(* If $f\in\mathcal F_{\mathrm{CSSA}}$ (with witnesses $Y_\ell,p_\ell,r_\ell,C_\ell,f_\ell,F_\ell,D_\ell$ as in the definition), then $f\log_+f\in\mathcal L^1(\mathbb{R}^d)$; more precisely $$\int_{\mathbb{R}^d}f(y)\log_+f(y)\,\mathrm{d}y\le\sum_{\ell:p_\ell>0}p_\ell\int_{Y_\ell}D_\ell(y)\,\mathrm{d}F_\ell(y)+d\sum_{\ell:p_\ell>0}p_\ell\log_+\!\Big(\frac{2}{r_\ell}\Big)<\infty.$$
   Context: $\log_+t=\max\{\log t,0\}$ for $t>0$, $\log_+0=0$. Densities are w.r.t. Lebesgue measure; $F(A)=\int_Af\,\mathrm{d}x$; $\operatorname{supp}(f)=\{x:f(x)>0\}$. Comparison cubes are closed axis-aligned cubes; partition cubes may be half-open so as to be disjoint. "A cube of side $r$ with a vertex at $y$" means a closed axis-aligned cube of side length $r$ having $y$ as one of its vertices. A family of cubes of common side length is adjacent if they have pairwise disjoint interiors and the union of their closures is connected. Definition ($\mathcal F_{\mathrm{FSSA}}$): a density $f$ on $\mathbb{R}^d$ belongs to $\mathcal F_{\mathrm{FSSA}}$ if there exist, for each $m\ge1$, a partition $\operatorname{supp}(f)=A^{(m)}_0\sqcup A^{(m)}_1\sqcup\cdots\sqcup A^{(m)}_m$ in which $A^{(m)}_1,\dots,A^{(m)}_m$ are adjacent cubes of common side length $h_m>0$ and $A^{(m)}_0$ is the remainder, such that: (i) $f$ is continuous on $\operatorname{supp}(f)$ except on a set of $F$-measure zero; (ii) there exist $r>0$ and, for every $y\in\operatorname{supp}(f)$, a comparison cube $C(r,y)$ of side length $r$ containing $y$, such that $D_r(y)=\log\big(f(y)/\inf_{z\in C(r,y)}f(z)\big)$ is measurable on $\operatorname{supp}(f)$ and $\int_{\operatorname{supp}(f)}D_r\,\mathrm{d}F<\infty$; (iii) there exists $M\in\mathbb N$ such that for every $m\ge M$: (a) if $y\in A^{(m)}_0$ then $C(r,y)\cap A^{(m)}_0$ contains a cube of side $r/2$ with a vertex at $y$; (b) if $y\in\operatorname{supp}(f)\setminus A^{(m)}_0$ then $C(r,y)\cap(\operatorname{supp}(f)\setminus A^{(m)}_0)$ contains a cube of side $r/2$ with a vertex at $y$. Definition ($\mathcal F_{\mathrm{CSSA}}$): a density $f$ belongs to $\mathcal F_{\mathrm{CSSA}}$ if there exist a measurable partition $\operatorname{supp}(f)=\bigsqcup_{\ell\ge1}Y_\ell$ with $p_\ell=F(Y_\ell)$, and, for each $\ell$ with $p_\ell>0$, a scale $r_\ell>0$, comparison cubes $C_\ell(y)$ of side $r_\ell$ containing $y$ ($y\in Y_\ell$), and for every $m\ge1$ a partition $Y_\ell=A^{(m)}_{\ell,0}\sqcup\cdots\sqcup A^{(m)}_{\ell,m}$ with $A^{(m)}_{\ell,1},\dots,A^{(m)}_{\ell,m}$ adjacent cubes of common side $h_{\ell,m}>0$, such that for each $\ell$ with $p_\ell>0$ the normalized restriction $f_\ell=f\mathbf 1_{Y_\ell}/p_\ell$ satisfies the definition of $\mathcal F_{\mathrm{FSSA}}$ with these witnesses (scale $r_\ell$, cubes $C_\ell(y)$, these partitions), and, with $F_\ell$ the law of density $f_\ell$ and $D_\ell(y)=\log\big(f_\ell(y)/\inf_{z\in C_\ell(y)}f_\ell(z)\big)$ for $y\in Y_\ell$, one has $\sum_{\ell:p_\ell>0}p_\ell\int_{Y_\ell}D_\ell\,\mathrm{d}F_\ell<\infty$ and $\sum_{\ell:p_\ell>0}p_\ell\log_+(1/r_\ell)<\infty$. *)

theory Defs
  imports "HOL-Analysis.Analysis"
begin

text \<open>Ambient space: real ^ 'd, so d = CARD('d). Lebesgue measure is lebesgue.\<close>

definition logp :: "real \<Rightarrow> real" where
  "logp t = (if t > 0 then max (ln t) 0 else 0)"

definition is_density :: "(real ^ 'd \<Rightarrow> real) \<Rightarrow> bool" where
  "is_density f \<longleftrightarrow> f \<in> borel_measurable lebesgue \<and> (\<forall>x. 0 \<le> f x)
     \<and> (\<integral>\<^sup>+ x. ennreal (f x) \<partial>lebesgue) = 1"

definition supp :: "(real ^ 'd \<Rightarrow> real) \<Rightarrow> (real ^ 'd) set" where
  "supp f = {x. f x > 0}"

definition lawF :: "(real ^ 'd \<Rightarrow> real) \<Rightarrow> (real ^ 'd) measure" where
  "lawF f = density lebesgue (\<lambda>x. ennreal (f x))"

definition closed_cube :: "real ^ 'd \<Rightarrow> real \<Rightarrow> (real ^ 'd) set" where
  "closed_cube a s = {x. \<forall>i. a $ i \<le> x $ i \<and> x $ i \<le> a $ i + s}"

definition open_cube :: "real ^ 'd \<Rightarrow> real \<Rightarrow> (real ^ 'd) set" where
  "open_cube a s = {x. \<forall>i. a $ i < x $ i \<and> x $ i < a $ i + s}"

definition is_closed_cube :: "(real ^ 'd) set \<Rightarrow> real \<Rightarrow> bool" where
  "is_closed_cube C s \<longleftrightarrow> (\<exists>a. C = closed_cube a s)"

text \<open>Partition cube of side s: an axis-aligned cube of side s, possibly with
  part of its boundary removed (e.g. half-open).\<close>
definition partition_cube :: "(real ^ 'd) set \<Rightarrow> real \<Rightarrow> bool" where
  "partition_cube Q s \<longleftrightarrow> (\<exists>a. open_cube a s \<subseteq> Q \<and> Q \<subseteq> closed_cube a s)"

definition cube_with_vertex :: "(real ^ 'd) set \<Rightarrow> real \<Rightarrow> real ^ 'd \<Rightarrow> bool" where
  "cube_with_vertex Q s y \<longleftrightarrow>
     (\<exists>a. Q = closed_cube a s \<and> (\<forall>i. y $ i = a $ i \<or> y $ i = a $ i + s))"

definition adjacent :: "'i set \<Rightarrow> ('i \<Rightarrow> (real ^ 'd) set) \<Rightarrow> bool" where
  "adjacent I A \<longleftrightarrow>
     (\<forall>i\<in>I. \<forall>j\<in>I. i \<noteq> j \<longrightarrow> interior (A i) \<inter> interior (A j) = {})
     \<and> connected (\<Union>i\<in>I. closure (A i))"

definition Dfun :: "(real ^ 'd \<Rightarrow> real) \<Rightarrow> (real ^ 'd \<Rightarrow> (real ^ 'd) set) \<Rightarrow> real ^ 'd \<Rightarrow> ennreal" where
  "Dfun f C y = (if Inf (f ` C y) > 0 then ennreal (ln (f y / Inf (f ` C y))) else \<infinity>)"

text \<open>The definition of F_FSSA, with explicit witnesses: scale r, comparison cubes C,
  partitions A m 0, ..., A m m (A m 0 the remainder) with cube side h m.\<close>
definition FSSA_wit ::
  "(real ^ 'd \<Rightarrow> real) \<Rightarrow> real \<Rightarrow> (real ^ 'd \<Rightarrow> (real ^ 'd) set)
     \<Rightarrow> (nat \<Rightarrow> nat \<Rightarrow> (real ^ 'd) set) \<Rightarrow> (nat \<Rightarrow> real) \<Rightarrow> bool" where
  "FSSA_wit f r C A h \<longleftrightarrow>
     \<comment> \<open>partitions\<close>
     (\<forall>m\<ge>1. 0 < h m
        \<and> (\<forall>i\<in>{1..m}. partition_cube (A m i) (h m))
        \<and> adjacent {1..m} (A m)
        \<and> disjoint_family_on (A m) {0..m}
        \<and> (\<Union>i\<in>{0..m}. A m i) = supp f)
     \<comment> \<open>(i)\<close>
   \<and> (\<exists>N. N \<in> null_sets (lawF f) \<and>
          (\<forall>x \<in> supp f - N. continuous (at x within supp f) f))
     \<comment> \<open>(ii)\<close>
   \<and> 0 < r
   \<and> (\<forall>y\<in>supp f. is_closed_cube (C y) r \<and> y \<in> C y)
   \<and> (\<lambda>y. Dfun f C y * indicator (supp f) y) \<in> borel_measurable lebesgue
   \<and> (\<integral>\<^sup>+ y. Dfun f C y * indicator (supp f) y \<partial>lawF f) < \<infinity>
     \<comment> \<open>(iii)\<close>
   \<and> (\<exists>M::nat. \<forall>m\<ge>M.
        (\<forall>y\<in>A m 0. \<exists>Q. cube_with_vertex Q (r/2) y \<and> Q \<subseteq> C y \<inter> A m 0)
      \<and> (\<forall>y\<in>supp f - A m 0. \<exists>Q. cube_with_vertex Q (r/2) y \<and> Q \<subseteq> C y \<inter> (supp f - A m 0)))"

definition FSSA :: "(real ^ 'd \<Rightarrow> real) set" where
  "FSSA = {f. is_density f \<and> (\<exists>r C A h. FSSA_wit f r C A h)}"

definition pY :: "(real ^ 'd \<Rightarrow> real) \<Rightarrow> (real ^ 'd) set \<Rightarrow> real" where
  "pY f Y = measure (lawF f) Y"

definition frestr :: "(real ^ 'd \<Rightarrow> real) \<Rightarrow> (real ^ 'd) set \<Rightarrow> real ^ 'd \<Rightarrow> real" where
  "frestr f Y = (\<lambda>x. f x * indicator Y x / pY f Y)"

definition CSSA_wit ::
  "(real ^ 'd \<Rightarrow> real) \<Rightarrow> (nat \<Rightarrow> (real ^ 'd) set) \<Rightarrow> (nat \<Rightarrow> real)
     \<Rightarrow> (nat \<Rightarrow> real ^ 'd \<Rightarrow> (real ^ 'd) set)
     \<Rightarrow> (nat \<Rightarrow> nat \<Rightarrow> nat \<Rightarrow> (real ^ 'd) set) \<Rightarrow> (nat \<Rightarrow> nat \<Rightarrow> real) \<Rightarrow> bool" where
  "CSSA_wit f Y r C A h \<longleftrightarrow>
     (\<forall>l\<ge>1. Y l \<in> sets lebesgue)
   \<and> disjoint_family_on Y {1..}
   \<and> (\<Union>l\<in>{1..}. Y l) = supp f
   \<and> (\<forall>l\<ge>1. pY f (Y l) > 0 \<longrightarrow> FSSA_wit (frestr f (Y l)) (r l) (C l) (A l) (h l))
   \<and> (\<Sum>l. if 1 \<le> l \<and> pY f (Y l) > 0 then
            ennreal (pY f (Y l)) *
              (\<integral>\<^sup>+ y. Dfun (frestr f (Y l)) (C l) y * indicator (Y l) y \<partial>lawF (frestr f (Y l)))
          else 0) < \<infinity>
   \<and> (\<Sum>l. if 1 \<le> l \<and> pY f (Y l) > 0 then ennreal (pY f (Y l) * logp (1 / r l)) else 0) < \<infinity>"

definition CSSA :: "(real ^ 'd \<Rightarrow> real) set" where
  "CSSA = {f. is_density f \<and> (\<exists>Y r C A h. CSSA_wit f Y r C A h)}"

end

theory Submission
  imports Defs
begin

text \<open>On a piece \<open>Y\<^sub>l\<close> of positive mass we have \<open>f = p\<^sub>l f\<^sub>l\<close> with \<open>p\<^sub>l \<le> 1\<close>, so
  \<open>log\<^sub>+ f \<le> log\<^sub>+ f\<^sub>l\<close>. If \<open>m\<close> is the infimum of \<open>f\<^sub>l\<close> over the comparison cube of \<open>y\<close>, which has
  side \<open>r\<^sub>l\<close>, then \<open>m r\<^sub>l\<^sup>d \<le> \<integral> f\<^sub>l = 1\<close>, hence
  \<open>log f\<^sub>l(y) = D\<^sub>l(y) + log m \<le> D\<^sub>l(y) + d log\<^sub>+(1/r\<^sub>l)\<close>. Integrating against \<open>f\<^sub>l\<close> and summing
  over the pieces with weights \<open>p\<^sub>l\<close> gives the bound; it is finite because
  \<open>log\<^sub>+(2/r) \<le> log 2 + log\<^sub>+(1/r)\<close> and \<open>\<Sum> p\<^sub>l \<le> 1\<close>.\<close>

lemma logp_nonneg: "0 \<le> logp t"
  by (simp add: logp_def)

lemma logp_mono:
  assumes "s \<le> t"
  shows "logp s \<le> logp t"
  using assms by (auto simp: logp_def max_def)

lemma logp_mult_le:
  assumes "0 \<le> s"
  shows "logp (s * t) \<le> logp s + logp t"
proof (cases "0 < s \<and> 0 < t")
  case True
  then have "ln (s * t) \<le> logp s + logp t"
    by (simp add: ln_mult logp_def add_mono)
  then show ?thesis
    by (simp add: logp_def logp_nonneg add_nonneg_nonneg)
next
  case False
  with assms have "s * t \<le> 0"
    by (auto simp: mult_nonneg_nonpos not_less)
  then show ?thesis
    by (simp add: logp_def logp_nonneg add_nonneg_nonneg)
qed

lemma borel_measurable_logp [measurable]: "logp \<in> borel_measurable borel"
  unfolding logp_def by measurable

lemma logp_le_ln_div_add:
  fixes x m r :: real
  assumes "0 < m" "m \<le> x" "0 < r" "m * r ^ n \<le> 1"
  shows "logp x \<le> ln (x / m) + real n * logp (1 / r)"
proof -
  have "ln m + real n * ln r \<le> 0"
    using assms ln_le_zero_iff[of "m * r ^ n"] by (simp add: ln_mult ln_realpow)
  moreover have "- ln r \<le> logp (1 / r)"
    using assms(3) by (simp add: logp_def ln_div)
  ultimately have "ln x \<le> ln (x / m) + real n * logp (1 / r)"
    using assms mult_left_mono[of "- ln r" "logp (1 / r)" "real n"] by (simp add: ln_div)
  moreover have "0 \<le> ln (x / m) + real n * logp (1 / r)"
    using assms by (simp add: logp_nonneg)
  ultimately show ?thesis
    by (simp add: logp_def)
qed

lemma closed_cube_eq_cbox: "closed_cube a s = cbox a (\<chi> i. a $ i + s)"
  by (auto simp: closed_cube_def mem_box_cart)

lemma closed_cube_in_sets_lebesgue [measurable]: "closed_cube a s \<in> sets lebesgue"
  by (simp add: closed_cube_eq_cbox)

================

◆ **ACTION ITEM**:
From the entries above, copy out every line where the string "ennreal" appears.

◆ **FINISHED TASK**:
     \<and> (\<integral>\<^sup>+ x. ennreal (f x) \<partial>lebesgue) = 1"
  "lawF f = density lebesgue (\<lambda>x. ennreal (f x))"
definition Dfun :: "(real ^ 'd \<Rightarrow> real) \<Rightarrow> (real ^ 'd \<Rightarrow> (real ^ 'd) set) \<Rightarrow> real ^ 'd \<Rightarrow> ennreal" where
  "Dfun f C y = (if Inf (f ` C y) > 0 then ennreal (ln (f y / Inf (f ` C y))) else \<infinity>)"
            ennreal (pY f (Y l)) *
   \<and> (\<Sum>l. if 1 \<le> l \<and> pY f (Y l) > 0 then ennreal (pY f (Y l) * logp (1 / r l)) else 0) < \<infinity>"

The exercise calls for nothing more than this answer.